Fiction Reviews


Old Twentieth

(2005) Joe Haldeman, Ace, 6.50 (approx), pbk, 285 pp, ISBN 0-441-01343-0

 

Not long into the 21st century and biomedicine had advanced to such a level that there was a major breakthrough in antiagetics so that human longevity increased so much that people were effectively immortal. In the 22nd century the first starships set off for Beta Hydrii where a planet with free oxygen and water has been detected. Old Twentieth is nominally the story of this small fleet of ships setting out.

Now I say 'nominally' because actually the plot and the action, though embedded in this journey, are actually not really what the book is about. First off the starships are not of the faster than light (FTL) or jump drive type. It is bog standard Newtonian-Einstein, which means getting to Beta Hydrii is going to be a long slog. But this is not a problem for a crew of near immortals. What is a problem is boredom, being cooped up for decades and centuries. However this is overcome by virtual reality and the popularity of the earlier and simpler time of the 20th century (the first century from which there is sufficient photographic documentation to base a virtual recreation). This then is from whence the book's title Old Twentieth comes.
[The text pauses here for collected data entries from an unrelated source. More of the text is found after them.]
text \<open>Injectivity of Q, tested against all right R-modules whose elements live in the type 'x
  (HOL cannot quantify over all types inside a formula).\<close>
definition injective_rmodule :: "('r, 'e) ring_scheme \<Rightarrow> ('r, 'q, 'm) module_scheme \<Rightarrow> 'x itself \<Rightarrow> bool" where
  "injective_rmodule R Q (T :: 'x itself) \<longleftrightarrow> right_module R Q \<and>
     (\<forall>(A :: ('r, 'x) module) (B :: ('r, 'x) module) i g.
        right_module R A \<longrightarrow> right_module R B \<longrightarrow> i \<in> rhom R A B \<longrightarrow> inj_on i (carrier A) \<longrightarrow>
        g \<in> rhom R A Q \<longrightarrow> (\<exists>h \<in> rhom R B Q. \<forall>a\<in>carrier A. h (i a) = g a))"

definition in_B :: "('r, 'e) ring_scheme \<Rightarrow> ('r, 'c, 'm) module_scheme \<Rightarrow> ('r, 'd, 'n) module_scheme
    \<Rightarrow> ('c \<Rightarrow> 'd) \<Rightarrow> ('r, 'a, 'k) module_scheme \<Rightarrow> bool" where
  "in_B R Q0 Q1 zeta X \<longleftrightarrow>
     (\<forall>g \<in> rhom R X Q1. \<exists>t \<in> rhom R X Q0. \<forall>x\<in>carrier X. zeta (t x) = g x)"

end

theory Submission
  imports Defs "HOL-Algebra.AbelCoset"
begin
All fair and square, but there is a problem that forms the plot's fulcrum: people are beginning to die in this virtual reality and, according to reports, back on Earth too. What is going on?

Now we do not often review North American books not available in the UK but Old Twentieth has attracted a fair bit of favourable coverage on the other side of the Atlantic, and of course it is becoming increasingly easier to get imports over here not to mention these days, with the strength of the pound, often at no extra cost. So what is all the fuss about?
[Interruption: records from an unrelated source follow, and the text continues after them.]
lemma subspace_eq_if_inter_plus_eq:
  assumes "subspace X" "subspace Y" "subspace B" "X \<subseteq> Y"
    and "X \<inter> B = Y \<inter> B" and "{x + b |x b. x \<in> X \<and> b \<in> B} = {y + b |y b. y \<in> Y \<and> b \<in> B}"
  shows "X = Y"
proof
  show "Y \<subseteq> X"
  proof
    fix y assume y: "y \<in> Y"
    have "y \<in> {y + b |y b. y \<in> Y \<and> b \<in> B}" using y assms(3) by (force intro: subspace_0)
    then obtain x b where xb: "y = x + b" "x \<in> X" "b \<in> B" using assms(6) by blast
    have "y - x \<in> Y" using subspace_diff[OF assms(2) y] xb(2) assms(4) by blast
    hence "b \<in> Y \<inter> B" using xb by simp
    hence "b \<in> X" using assms(5) by blast
    thus "y \<in> X" using xb assms(1) by (simp add: subspace_add)
  qed
qed (rule assms(4))

lemma card_steps_le_traces:
  assumes sCh: "\<And>i. i \<le> n \<Longrightarrow> subspace (Ch i)" and strict: "\<And>i. i < n \<Longrightarrow> Ch i \<subset> Ch (Suc i)"
    and sB: "subspace B"
  shows "n \<le> card {i. i < n \<and> Ch i \<inter> B \<noteq> Ch (Suc i) \<inter> B} +
    card {i. i < n \<and> {x + b |x b. x \<in> Ch i \<and> b \<in> B} \<noteq> {x + b |x b. x \<in> Ch (Suc i) \<and> b \<in> B}}"
    (is "n \<le> card ?K1 + card ?K2")
proof -
  have "{..<n} \<subseteq> ?K1 \<union> ?K2"
  proof
    fix i assume "i \<in> {..<n}"
    hence i: "i < n" by simp
    show "i \<in> ?K1 \<union> ?K2"
    proof (rule ccontr)
      assume "i \<notin> ?K1 \<union> ?K2"
      hence "Ch i \<inter> B = Ch (Suc i) \<inter> B"
        "{x + b |x b. x \<in> Ch i \<and> b \<in> B} = {x + b |x b. x \<in> Ch (Suc i) \<and> b \<in> B}"
        using i by auto
      moreover have "i \<le> n" "Suc i \<le> n" "Ch i \<subseteq> Ch (Suc i)" using i strict[OF i] by auto
      ultimately have "Ch i = Ch (Suc i)"
        using subspace_eq_if_inter_plus_eq[OF sCh[OF \<open>i \<le> n\<close>] sCh[OF \<open>Suc i \<le> n\<close>] sB] by simp
      thus False using strict[OF i] by simp
    qed
  qed
  hence "n \<le> card (?K1 \<union> ?K2)" using card_mono[of "?K1 \<union> ?K2" "{..<n}"] by simp
  also have "\<dots> \<le> card ?K1 + card ?K2" by (rule card_Un_le)
  finally show ?thesis .
qed

lemma len_le_add:
  assumes sA: "subspace A" and sB: "subspace B" and sC: "subspace C" and AB: "A \<subseteq> B" and BC: "B \<subseteq> C"
  shows "len 0 (+) scale A C \<le> len 0 (+) scale A B + len 0 (+) scale B C"
proof (rule len_le_chainsI)
  fix n Ch assume ch: "subspace_chain scale A C n Ch"
  define I where "I i = Ch i \<inter> B" for i
  define P where "P i = {x + b |x b. x \<in> Ch i \<and> b \<in> B}" for i
  have sCh: "subspace (Ch i)" if "i \<le> n" for i using ch that by (simp add: subspace_chain_def)
  have mono: "Ch i \<subseteq> Ch (Suc i)" if "i < n" for i using subspace_chain_step[OF ch that] by blast
  have sI: "\<forall>i\<le>n. subspace (I i)" and sP: "\<forall>i\<le>n. subspace (P i)"
    using sCh sB by (simp_all add: I_def P_def subspace_inter subspace_plus)
  have monoI: "\<forall>i<n. I i \<subseteq> I (Suc i)" using mono unfolding I_def by auto
  have monoP: "\<forall>i<n. P i \<subseteq> P (Suc i)"
  proof (intro allI impI subsetI)
    fix i u assume i: "i < n" and "u \<in> P i"
    then obtain x b where "u = x + b" "x \<in> Ch i" "b \<in> B" unfolding P_def by blast
    thus "u \<in> P (Suc i)" using mono[OF i] unfolding P_def by blast
  qed
  have "Ch 0 = A" "Ch n = C" using ch by (simp_all add: subspace_chain_def)
  hence ends: "I 0 = A" "I n = B" "P 0 = B" "P n = C"
    using AB BC plus_subspace_eq_right[OF sA sB AB] plus_subspace_eq_left[OF sC sB BC]
    by (auto simp: I_def P_def)
  obtain C1 where "subspace_chain scale A B (card {i. i < n \<and> I i \<noteq> I (Suc i)}) C1"
    using subspace_chain_of_increasing[OF sI monoI] ends by auto
  moreover obtain C2 where "subspace_chain scale B C (card {i. i < n \<and> P i \<noteq> P (Suc i)}) C2"
    using subspace_chain_of_increasing[OF sP monoP] ends by auto
  ultimately have "enat (card {i. i < n \<and> I i \<noteq> I (Suc i)}) + enat (card {i. i < n \<and> P i \<noteq> P (Suc i)})
      \<le> len 0 (+) scale A B + len 0 (+) scale B C"
    by (intro add_mono len_ge_chain)
  moreover have "n \<le> card {i. i < n \<and> I i \<noteq> I (Suc i)} + card {i. i < n \<and> P i \<noteq> P (Suc i)}"
    unfolding I_def P_def by (rule card_steps_le_traces[where n = n and Ch = Ch, OF sCh subspace_chain_step[OF ch] sB])
  ultimately show "enat n \<le> len 0 (+) scale A B + len 0 (+) scale B C"
    by (simp add: order_trans[rotated])
qed

lemma len_add:
  assumes "subspace A" "subspace B" "subspace C" "A \<subseteq> B" "B \<subseteq> C"
  shows "len 0 (+) scale A C = len 0 (+) scale A B + len 0 (+) scale B C"
proof (rule antisym)
  show "len 0 (+) scale A C \<le> len 0 (+) scale A B + len 0 (+) scale B C" by (rule len_le_add[OF assms])
  show "len 0 (+) scale A B + len 0 (+) scale B C \<le> len 0 (+) scale A C"
    unfolding len_eq_Sup_chains[of A B] len_eq_Sup_chains[of B C]
  proof (rule enat_Sup_add_le)
    show "{enat n |n. \<exists>C'. subspace_chain scale A B n C'} \<noteq> {}"
      using subspace_chain_exists[OF assms(1,2,4)] by auto
    show "{enat n |n. \<exists>C'. subspace_chain scale B C n C'} \<noteq> {}"
      using subspace_chain_exists[OF assms(2,3,5)] by auto
  next
    fix x y assume "x \<in> {enat n |n. \<exists>C'. subspace_chain scale A B n C'}"
      "y \<in> {enat n |n. \<exists>C'. subspace_chain scale B C n C'}"
    thus "x + y \<le> len 0 (+) scale A C" using len_ge_chain[OF subspace_chain_append] by fastforce
  qed
qed

lemma len_mono:
  assumes "subspace A" "subspace B" "subspace C" "A \<subseteq> B" "B \<subseteq> C"
  shows "len 0 (+) scale A B \<le> len 0 (+) scale A C"
  using len_add[OF assms] by simp

lemma eq_if_len_eq:
  assumes "subspace A" "subspace B" "subspace C" "A \<subseteq> B" "B \<subseteq> C"
    and "len 0 (+) scale A C = len 0 (+) scale A B" "len 0 (+) scale A C \<noteq> \<infinity>"
  shows "B = C"
proof (rule ccontr)
  assume "B \<noteq> C"
  hence "1 \<le> len 0 (+) scale B C" using len_ge_1 assms(2,3,5) by blast
  thus False using len_add[OF assms(1-5)] assms(6,7)
    by (cases "len 0 (+) scale B C"; cases "len 0 (+) scale A B") (auto simp: one_enat_def)
qed

end

context module_hom
begin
Well the answer probably is that Old Twentieth has enough sense-of-wonder for two novels! The first third of the book sets up the situation explaining how longevity increased and its impact on the global society. This includes war and many billions dead. This alone contains enough ideas to fill a novel itself. So the first third of the book rips along at a cracking pace with part of the time spent in the 'old twentieth', part on a starship and part filling in the history of the 21st century. And then there is the final third of the book which sees the unfolding of the mystery of the deaths in virtual reality with a neat (albeit a little obvious to those versed in SF) twist at the end. I will not spoil this last for you as you will either see it coming, or not, but just one example of previous usage is by Philip Dick (1970). I should also say that this is not to decry Haldeman as not only does SF have its oft used tropes (such as space travel), but fiction is replete with well worn plots (such as boy-meets girl and variations and extensions thereof). However given the balance of the reasonably inventive 21st century given us in the book, the old twist may not live up to what a seasoned SF reader might expect. The other thing that gave me slight pause, was that after a really cracking and fast paced first third, the plot does not just shift down a gear into cruise mode, but seems to go really slow with some messing around in the ship's galley as a means of establishing detail of the onboard scene. Maybe it is just me?
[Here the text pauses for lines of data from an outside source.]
(* Let $G$ be a countably infinite group and $C<G$ a finite cyclic subgroup of prime order, with normalizer $N(C)=\{g\in G: gCg^{-1}=C\}$. Let $(K,\kappa)$ be a nontrivial standard probability space. If $G/N(C)$ is infinite, then the action $G\curvearrowright (K^{G/C},\kappa^{G/C})$ is essentially free.
   Context: $(K^{G/C},\kappa^{G/C})$ is the product space of maps $x:G/C\to K$ with product measure, and $G$ acts by $(gx)(fC)=x(g^{-1}fC)$ (the generalized Bernoulli shift over $G/C$). Nontrivial means $\kappa$ is not concentrated on a single point. Essentially free means that for every $g\ne e$, the set $\{x: gx=x\}$ has measure zero. *)

theory Defs
  imports "HOL-Algebra.Group_Action" "HOL-Algebra.Elementary_Groups" "HOL-Algebra.Left_Coset"
          "HOL-Probability.Probability"
begin

definition gen_shift :: "('a, 'b) monoid_scheme \<Rightarrow> 'a set \<Rightarrow> 'a \<Rightarrow> ('a set \<Rightarrow> 'k) \<Rightarrow> ('a set \<Rightarrow> 'k)"
  where "gen_shift G C g x = (\<lambda>A \<in> lcosets\<^bsub>G\<^esub> C. x (inv\<^bsub>G\<^esub> g <#\<^bsub>G\<^esub> A))"

definition shift_space :: "('a, 'b) monoid_scheme \<Rightarrow> 'a set \<Rightarrow> 'k measure \<Rightarrow> ('a set \<Rightarrow> 'k) measure"
  where "shift_space G C M = PiM (lcosets\<^bsub>G\<^esub> C) (\<lambda>_. M)"

end

theory Submission
  imports Defs
begin

text \<open>An element k fixes the coset fC iff f\<inverse>kf \<in> C. Because C has prime order, any h
  conjugating a nontrivial element of C back into C normalizes C; hence for k \<noteq> 1 all cosets
  fixed by k lie in a single coset of N(C), and since G/N(C) is infinite, k moves infinitely
  many points of G/C. Take k = g\<inverse> for g \<noteq> 1. A configuration fixed by g must then agree on n pairwise disjoint pairs
  {A, g\<inverse>A} of moved cosets. The coordinates are i.i.d., so this has probability p^n, where
  p < 1 is the probability that two independent \<kappa>-samples coincide; as n \<rightarrow> \<infinity> the set of
  fixed points is null.\<close>

lemma (in group) mult_inv_cancel [simp]:
  "x \<in> carrier G \<Longrightarrow> y \<in> carrier G \<Longrightarrow> x \<otimes> (inv x \<otimes> y) = y"
  by (simp add: m_assoc[symmetric])

lemma (in group) inv_mult_cancel [simp]:
  "x \<in> carrier G \<Longrightarrow> y \<in> carrier G \<Longrightarrow> inv x \<otimes> (x \<otimes> y) = y"
  by (simp add: m_assoc[symmetric])

lemma (in group) prime_card_subgroup_subset:
  assumes C: "subgroup C G" "finite C" "prime (card C)"
    and H: "subgroup H G" and c: "c \<in> C" "c \<in> H" "c \<noteq> \<one>"
  shows "C \<subseteq> H"
proof -
  interpret C: group "G\<lparr>carrier := C\<rparr>" using C(1) by (rule subgroup_imp_group)
  have "subgroup (C \<inter> H) (G\<lparr>carrier := C\<rparr>)"
    using subgroup_incl[OF subgroups_Inter_pair[OF C(1) H] C(1)] by blast
  then have "card (C \<inter> H) dvd Coset.order (G\<lparr>carrier := C\<rparr>)"
    by (metis C.lagrange dvd_triv_right)
  then have "card (C \<inter> H) dvd card C"
    by (simp add: Coset.order_def)
  moreover have "{\<one>, c} \<subseteq> C \<inter> H"
    using c C(1) H by (auto intro: subgroup.one_closed)
  then have "2 \<le> card (C \<inter> H)"
    using c(3) C(2) card_mono[of "C \<inter> H" "{\<one>, c}"] by auto
  ultimately have "card (C \<inter> H) = card C"
    using C(3) unfolding prime_nat_iff by force
  then have "C \<inter> H = C"
    using C(2) by (intro card_subset_eq) auto
  then show ?thesis by blast
qed

lemma (in group) conj_mem_imp_normalizer:
  assumes C: "subgroup C G" "finite C" "prime (card C)"
    and h: "h \<in> carrier G" and c: "c \<in> C" "c \<noteq> \<one>" "h \<otimes> c \<otimes> inv h \<in> C"
  shows "h \<in> normalizer G C"
proof -
  have Cc: "C \<subseteq> carrier G" using C(1) by (rule subgroup.subset)
  have cG: "c \<in> carrier G" using c Cc by blast
  have c_eq: "c = inv h \<otimes> (h \<otimes> c \<otimes> inv h) \<otimes> h"
    using h cG by (simp add: m_assoc)
  then have "c \<in> inv h <# C #> h"
    using c(3) unfolding l_coset_def r_coset_def by blast
  then have C_sub: "C \<subseteq> inv h <# C #> h"
    using prime_card_subgroup_subset[OF C subgroup_conjugation_is_surj1[OF h C(1)] c(1) _ c(2)] by blast
  have "h \<otimes> c \<otimes> inv h \<in> h <# C #> inv h"
    using c(1) unfolding l_coset_def r_coset_def by blast
  moreover have "h \<otimes> c \<otimes> inv h \<noteq> \<one>"
    using c_eq c(2) h by auto
  ultimately have "C \<subseteq> h <# C #> inv h"
    using prime_card_subgroup_subset[OF C subgroup_conjugation_is_surj2[OF h C(1)] c(3)] by blast
  moreover have "h <# C #> inv h \<subseteq> C"
  proof -
    have "h <# C #> inv h \<subseteq> h <# (inv h <# C #> h) #> inv h"
      using C_sub unfolding l_coset_def r_coset_def by blast
    also have "\<dots> = C"
      using h Cc by (rule subgroup_conjugation_is_surj0)
    finally show ?thesis .
  qed
  ultimately show ?thesis
    using h Cc unfolding normalizer_def stabilizer_def by auto
qed

lemma (in group) lcos_fixed_imp_conj_mem:
  assumes "subgroup C G" "f \<in> carrier G" "k \<in> carrier G" "k <# (f <# C) = f <# C"
  shows "inv f \<otimes> k \<otimes> f \<in> C"
proof -
  have "k <# (f <# C) = (k \<otimes> f) <# C"
    using assms by (simp add: lcos_m_assoc subgroup.subset)
  then have "k \<otimes> f \<in> f <# C"
    using assms lcos_self[of "k \<otimes> f" C] by simp
  then show ?thesis
    using subgroup.lcos_module_imp[OF assms(1) is_group assms(2)] assms by (simp add: m_assoc)
qed

lemma (in group) fixed_lcosets_in_normalizer_lcos:
  assumes C: "subgroup C G" "finite C" "prime (card C)"
    and k: "k \<in> carrier G" "k \<noteq> \<one>"
    and f0: "f0 \<in> carrier G" "k <# (f0 <# C) = f0 <# C"
    and f: "f \<in> carrier G" "k <# (f <# C) = f <# C"
  shows "f \<in> f0 <# normalizer G C"
proof -
  define h where "h = inv f0 \<otimes> f"
  have h: "h \<in> carrier G" using f0 f by (simp add: h_def)
  have c: "inv f \<otimes> k \<otimes> f \<in> C" and c0: "inv f0 \<otimes> k \<otimes> f0 \<in> C"
    using lcos_fixed_imp_conj_mem[OF C(1) f(1) k(1) f(2)]
      lcos_fixed_imp_conj_mem[OF C(1) f0(1) k(1) f0(2)] by auto
  have "k = f \<otimes> (inv f \<otimes> k \<otimes> f) \<otimes> inv f"
    using k f by (simp add: m_assoc)
  then have c_nontriv: "inv f \<otimes> k \<otimes> f \<noteq> \<one>"
    using k f by auto
  have "h \<otimes> (inv f \<otimes> k \<otimes> f) \<otimes> inv h = inv f0 \<otimes> k \<otimes> f0"
    using f0 f k by (simp add: h_def inv_mult_group m_assoc)
  then have "h \<in> normalizer G C"
    using conj_mem_imp_normalizer[OF C h c c_nontriv] c0 by simp
  moreover have "f = f0 \<otimes> h"
    using f0 f by (simp add: h_def)
  ultimately show ?thesis
    unfolding l_coset_def by blast
qed

lemma (in group) lcosets_finite_if_cofinite:
  assumes N: "subgroup N G" and a: "a \<in> carrier G" and fin: "finite (carrier G - (a <# N))"
  shows "finite (lcosets N)"
proof -
  have "lcosets N \<subseteq> insert (a <# N) (Pow (carrier G - (a <# N)))"
  proof
    fix B assume B: "B \<in> lcosets N"
    have "a <# N \<in> lcosets N" using a unfolding LCOSETS_def by blast
    then have "B \<noteq> a <# N \<Longrightarrow> B \<inter> (a <# N) = {}"
      using lcos_disjoint[OF N B] by blast
    moreover have "B \<subseteq> carrier G"
      using B lcosets_subset_PowG[OF N] by blast
    ultimately show "B \<in> insert (a <# N) (Pow (carrier G - (a <# N)))" by blast
  qed
  then show ?thesis
    using fin by (meson finite_Pow_iff finite_insert finite_subset)
qed

lemma (in group) infinite_moved_lcosets:
  assumes C: "subgroup C G" "finite C" "prime (card C)"
    and k: "k \<in> carrier G" "k \<noteq> \<one>"
    and N_inf: "infinite (lcosets (normalizer G C))"
  shows "infinite {A \<in> lcosets C. k <# A \<noteq> A}"
proof
  let ?N = "normalizer G C" and ?S = "{A \<in> lcosets C. k <# A \<noteq> A}"
  assume "finite ?S"
  moreover have "finite A" if "A \<in> lcosets C" for A
    using that C(2) unfolding LCOSETS_def l_coset_def by auto
  ultimately have fin_US: "finite (\<Union>?S)" by blast
  obtain f0 where f0: "f0 \<in> carrier G"
    and fixed: "\<And>f. f \<in> carrier G \<Longrightarrow> k <# (f <# C) = f <# C \<Longrightarrow> f \<in> f0 <# ?N"
  proof (cases "\<exists>f0 \<in> carrier G. k <# (f0 <# C) = f0 <# C")
    case True
    then show ?thesis using that fixed_lcosets_in_normalizer_lcos[OF C k] by blast
  next
    case False
    then show ?thesis using that[OF one_closed] by blast
  qed
  have "carrier G - (f0 <# ?N) \<subseteq> \<Union>?S"
  proof
    fix f assume f: "f \<in> carrier G - (f0 <# ?N)"
    then have "f <# C \<in> ?S"
      using fixed unfolding LCOSETS_def by blast
    moreover have "f \<in> f <# C"
      using f C(1) lcos_self by blast
    ultimately show "f \<in> \<Union>?S" by blast
  qed
  then have "finite (lcosets ?N)"
    using lcosets_finite_if_cofinite[OF normalizer_imp_subgroup f0] fin_US finite_subset C(1)
    by (meson subgroup.subset)
  then show False using N_inf by contradiction
qed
Aside from the afore, Old Twentieth is at the end of the day an above average hard SF yarn. Haldeman delivers his war scenes with a bit of a hard edge: something we expect of him. Other than the mid-section, there is plenty going on, and the reader has an enjoyable ride. While Old Twentieth will not be remembered down the decades as has been his Forever War, it is a sound read and Haldeman's regulars will enjoy it as will many others. All of which begs the question why is he not published more often over this side of the Atlantic?